Luckily there is a very simple way to get the centroid, at least for planar polygons. I believe the formulas should generalize to higher dimensional embeddings of polygons, but have not given the matter sufficient thought. We start with Green's Theorem
$$\iint_R \frac{\partial M}{\partial x}-\frac{\partial L}{\partial y}\,dx\,dy = \oint_{\partial R} L\,dx+M\,dy$$
for integrating a 1-form on the boundary of a region.
As a warm-up, let $M=x$ and $L=0$. Then we discover that the area of the polygon is the integral
$$\oint_{\partial R} x\,dy$$ along its boundary. This integral can be evaluated on each line segment comprising the boundary to get a simple combinatorial formula.
Let $p_0=\left(\begin{matrix} x_0\\y_0\end{matrix}\right)$ and $p_1=\left(\begin{matrix} x_1\\y_1\end{matrix}\right)$. Then the path connecting them is $(1-t)p_0+tp_1$ for $0\leq t \leq 1$.
Then $dy = (y_1-y_0)\,dt$ and $x= (1-t)x_0+tx_1$, so we get
$$\int_0^1 ((1-t)x_0+tx_1)(y_1-y_0)\,dt= \frac{1}{2}(x_1+x_0)(y_1-y_0).$$
This gives us a beautiful formula for area. If the polygon has $n$ points $p_1,\ldots,p_n$ we have
$$A=\frac{1}{2}\sum_{i=1}^n(x_i+x_{i+1})(y_{i+1}-y_i)$$
where the indices are read modulo $n$. $x_{n+1}=x_1, y_{n+1}=y_1$. As an exercise see if you can find two more similar formulas for area with different choices of $L$ and $M$ above. These types of formulas are the basis for mechanical planimeters which calculate area by tracing around the perimeter.
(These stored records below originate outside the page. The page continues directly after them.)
text \<open>Every edge set is empty or UNIV, so edge labels carry no information.\<close>
definition E_quiver ::
  "(nat \<Rightarrow> 'a set) \<Rightarrow> (nat \<Rightarrow> 'a \<Rightarrow> 'a \<Rightarrow> bool) \<Rightarrow> (nat \<Rightarrow> 'a \<Rightarrow> 'a) \<Rightarrow> (nat \<times> 'a, 'e) quiver" where
  "E_quiver P le p = \<lparr>verts = {A. snd A \<in> P (fst A)},
     edges = (\<lambda>X Y. if snd X \<in> P (fst X) \<and> snd Y \<in> P (fst Y) \<and>
        ((fst X = fst Y \<and> le (fst X) (snd Y) (snd X)) \<or> (fst X = Suc (fst Y) \<and> snd Y = p (fst X) (snd X)))
        then UNIV else {})\<rparr>"

definition lineage_le :: "(nat \<Rightarrow> 'a \<Rightarrow> 'a \<Rightarrow> bool) \<Rightarrow> (nat \<Rightarrow> 'a \<Rightarrow> 'a) \<Rightarrow> nat \<times> 'a \<Rightarrow> nat \<times> 'a \<Rightarrow> bool" where
  "lineage_le le p A B \<longleftrightarrow>
     fst A \<le> fst B \<and> le (fst A) (snd A) (iter_parent p (fst B - fst A) (fst B) (snd B))"

definition lineage :: "(nat \<Rightarrow> 'a \<Rightarrow> 'a) \<Rightarrow> nat \<Rightarrow> 'a \<Rightarrow> (nat \<times> 'a, 'e) evolution" where
  "lineage p m b = (map (\<lambda>k. (k, iter_parent p (m - k) m b)) [0..<Suc m], replicate m undefined)"

lemma verts_E_quiver [simp]: "verts (E_quiver P le p) = {A. snd A \<in> P (fst A)}"
  by (simp add: E_quiver_def)

lemma edges_E_quiver_nonempty_iff:
  "edges (E_quiver P le p) X Y \<noteq> {} \<longleftrightarrow> snd X \<in> P (fst X) \<and> snd Y \<in> P (fst Y) \<and>
     ((fst X = fst Y \<and> le (fst X) (snd Y) (snd X)) \<or> (fst X = Suc (fst Y) \<and> snd Y = p (fst X) (snd X)))"
  by (simp add: E_quiver_def)

lemma lineage_nth: "k \<le> m \<Longrightarrow> fst (lineage p m b) ! k = (k, iter_parent p (m - k) m b)"
  unfolding lineage_def by (simp del: upt_Suc)

lemma length_lineage: "length (fst (lineage p m b)) = Suc m"
  and evo_length_lineage: "evo_length (lineage p m b) = m"
  unfolding lineage_def evo_length_def by simp_all

lemma initial_lineage: "initial (lineage p m b) = (0, iter_parent p m m b)"
  unfolding initial_def lineage_def by (simp del: upt_Suc add: upt_rec)

lemma terminal_lineage: "terminal (lineage p m b) = (m, b)"
  unfolding terminal_def lineage_def by simp

lemma evolution_nth_edge:
  assumes "evolution Q ev" "Suc i < length (fst ev)"
  shows "edges Q (fst ev ! Suc i) (fst ev ! i) \<noteq> {}"
proof -
  have "snd ev ! (Suc i - 1) \<in> edges Q (fst ev ! Suc i) (fst ev ! (Suc i - 1))"
    using assms unfolding evolution_def by (metis One_nat_def Suc_le_mono zero_le)
  then show ?thesis by auto
qed

lemma evolution_nth_vert:
  assumes "evolution Q ev" "i < length (fst ev)"
  shows "fst ev ! i \<in> verts Q"
  using assms unfolding evolution_def by (meson nth_mem subsetD)

lemma full_evolution_nth:
  assumes "full_evolution Q \<beta> X"
  shows "length (fst \<beta>) = Suc (evo_length \<beta>)" "primitive Q (fst \<beta> ! 0)" "fst \<beta> ! evo_length \<beta> = X"
proof -
  have "fst \<beta> \<noteq> []" using assms unfolding full_evolution_def evolution_def by simp
  then show "length (fst \<beta>) = Suc (evo_length \<beta>)" "primitive Q (fst \<beta> ! 0)" "fst \<beta> ! evo_length \<beta> = X"
    using assms unfolding full_evolution_def initial_def terminal_def evo_length_def
    by (simp_all add: hd_conv_nth last_conv_nth)
qed

lemma embeds_shorter_nth:
  assumes "embeds Q \<alpha> \<beta>" "evo_length \<beta> \<le> evo_length \<alpha>" "k \<le> evo_length \<alpha>"
  shows "isotypic Q (fst \<alpha> ! k) (fst \<beta> ! k)"
proof -
  obtain r where r: "strict_mono_on {0..evo_length \<alpha>} r" "r (evo_length \<alpha>) \<le> evo_length \<alpha>"
    "\<forall>k \<le> evo_length \<alpha>. isotypic Q (fst \<alpha> ! k) (fst \<beta> ! r k)"
    using assms(1,2) unfolding embeds_def by auto
  then show ?thesis using strict_mono_on_bounded_imp_id[OF r(1,2) assms(3)] assms(3) by metis
qed

lemma ancestor_if_edge:
  assumes "e \<in> edges Q X Y" "X \<in> verts Q" "Y \<in> verts Q"
  shows "ancestor Q Y X"
proof -
  have "evolution Q ([Y, X], [e])"
    using assms unfolding evolution_def by (auto simp: less_Suc_eq)
  then show ?thesis unfolding ancestor_def initial_def terminal_def by force
qed

locale E_seq =
  fixes P :: "nat \<Rightarrow> 'a set" and le :: "nat \<Rightarrow> 'a \<Rightarrow> 'a \<Rightarrow> bool" and p :: "nat \<Rightarrow> 'a \<Rightarrow> 'a"
  assumes E_sequence: "E_sequence P le p"
begin

lemma le_refl: "a \<in> P m \<Longrightarrow> le m a a"
  and le_antisym: "a \<in> P m \<Longrightarrow> b \<in> P m \<Longrightarrow> le m a b \<Longrightarrow> le m b a \<Longrightarrow> a = b"
  and le_trans: "a \<in> P m \<Longrightarrow> b \<in> P m \<Longrightarrow> c \<in> P m \<Longrightarrow> le m a b \<Longrightarrow> le m b c \<Longrightarrow> le m a c"
  using E_sequence[unfolded E_sequence_def, THEN conjunct1] by blast+

lemma le_level_0: "a \<in> P 0 \<Longrightarrow> b \<in> P 0 \<Longrightarrow> le 0 a b \<Longrightarrow> a = b"
  using E_sequence[unfolded E_sequence_def, THEN conjunct2, THEN conjunct1] by blast

lemma parent_in: "1 \<le> m \<Longrightarrow> a \<in> P m \<Longrightarrow> p m a \<in> P (m - 1)"
  and parent_le_eq: "1 \<le> m \<Longrightarrow> a \<in> P m \<Longrightarrow> b \<in> P m \<Longrightarrow> le m a b \<Longrightarrow> p m a = p m b"
  using E_sequence[unfolded E_sequence_def, THEN conjunct2, THEN conjunct2] by blast+

abbreviation Q :: "(nat \<times> 'a, 'e) quiver" where "Q \<equiv> E_quiver P le p"

lemma iter_parent_in: "b \<in> P m \<Longrightarrow> k \<le> m \<Longrightarrow> iter_parent p k m b \<in> P (m - k)"
proof (induction k)
  case (Suc k)
  then have "1 \<le> m - k" "m - k - 1 = m - Suc k" by simp_all
  with Suc parent_in[of "m - k"] show ?case by simp
qed simp

lemma iter_parent_level_in: "b \<in> P m \<Longrightarrow> k \<le> m \<Longrightarrow> iter_parent p (m - k) m b \<in> P k"
  using iter_parent_in[of b m "m - k"] by simp

lemma iter_parent_le_eq:
  assumes "le m b c" "b \<in> P m" "c \<in> P m" "1 \<le> k"
  shows "iter_parent p k m b = iter_parent p k m c"
proof -
  obtain l where k: "k = 1 + l" using assms(4) by (metis le_Suc_ex)
  have "p m b = p m c"
    using assms le_level_0[of b c] parent_le_eq[of m b c] by (cases "m = 0") auto
  then show ?thesis unfolding k iter_parent_add by simp
qed

lemma lineage_le_refl: "snd A \<in> P (fst A) \<Longrightarrow> lineage_le le p A A"
  unfolding lineage_le_def by (simp add: le_refl)

lemma lineage_le_trans:
  assumes "snd A \<in> P (fst A)" "snd B \<in> P (fst B)" "snd C \<in> P (fst C)"
    and AB: "lineage_le le p A B" and BC: "lineage_le le p B C"
  shows "lineage_le le p A C"
proof -
  obtain j a j' b m c where vs: "A = (j, a)" "B = (j', b)" "C = (m, c)" by (metis prod.exhaust)
  have lvl: "j \<le> j'" "j' \<le> m" and ab: "le j a (iter_parent p (j' - j) j' b)"
    and bc: "le j' b (iter_parent p (m - j') m c)"
    using AB BC unfolding lineage_le_def vs by auto
  have mem: "a \<in> P j" "b \<in> P j'" "c \<in> P m" "iter_parent p (m - j') m c \<in> P j'"
    using assms(1-3) iter_parent_in[of c m "m - j'"] lvl unfolding vs by auto
  show ?thesis
  proof (cases "j = j'")
    case True
    then show ?thesis using ab bc le_trans[of a j b] mem lvl unfolding lineage_le_def vs by simp
  next
    case False
    have "iter_parent p (j' - j) j' b = iter_parent p (j' - j) j' (iter_parent p (m - j') m c)"
      using iter_parent_le_eq[OF bc mem(2,4)] lvl False by simp
    also have "\<dots> = iter_parent p (m - j) m c"
      using iter_parent_add[of p "m - j'" "j' - j" m c] lvl by simp
    finally show ?thesis using ab lvl unfolding lineage_le_def vs by simp
  qed
qed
Returning to the centroid, we need to calculate the average position of both $x$ and $y$:
$$\overline{x} = \frac{1}{A}\iint_R x\,dx\,dy,\,\,\,\overline{y} = \frac{1}{A}\iint_R y\,dx\,dy$$
Tackling the $x$ coordinate, let $M=\frac{x^2}{2}$ and $L=0$. Then we have
$$\iint_R x\,dx = \sum_{i=1}^n\int_0^1 \frac{((1-t)x_i)^2+t x_{i+1}}{2}(y_{i+1}-y_i)\,dt$$
$$\iint_R x\,dx = \frac{1}{6}\sum_{i=1}^n (x_i^2+x_ix_{i+1}+x_{i+1}^2)(y_{i+1}-y_i)$$
In a similar way we can derive the formula
$$\iint_R y\,dy = \frac{1}{6}\sum_{i=1}^n (y_i^2+y_iy_{i+1}+y_{i+1}^2)(x_{i}-x_{i+1}).$$
It does not feel to me like these formulas are unique to planar embeddings of polygons, but the technique of proof, using Green's theorem, will not work for higher ambient dimensions.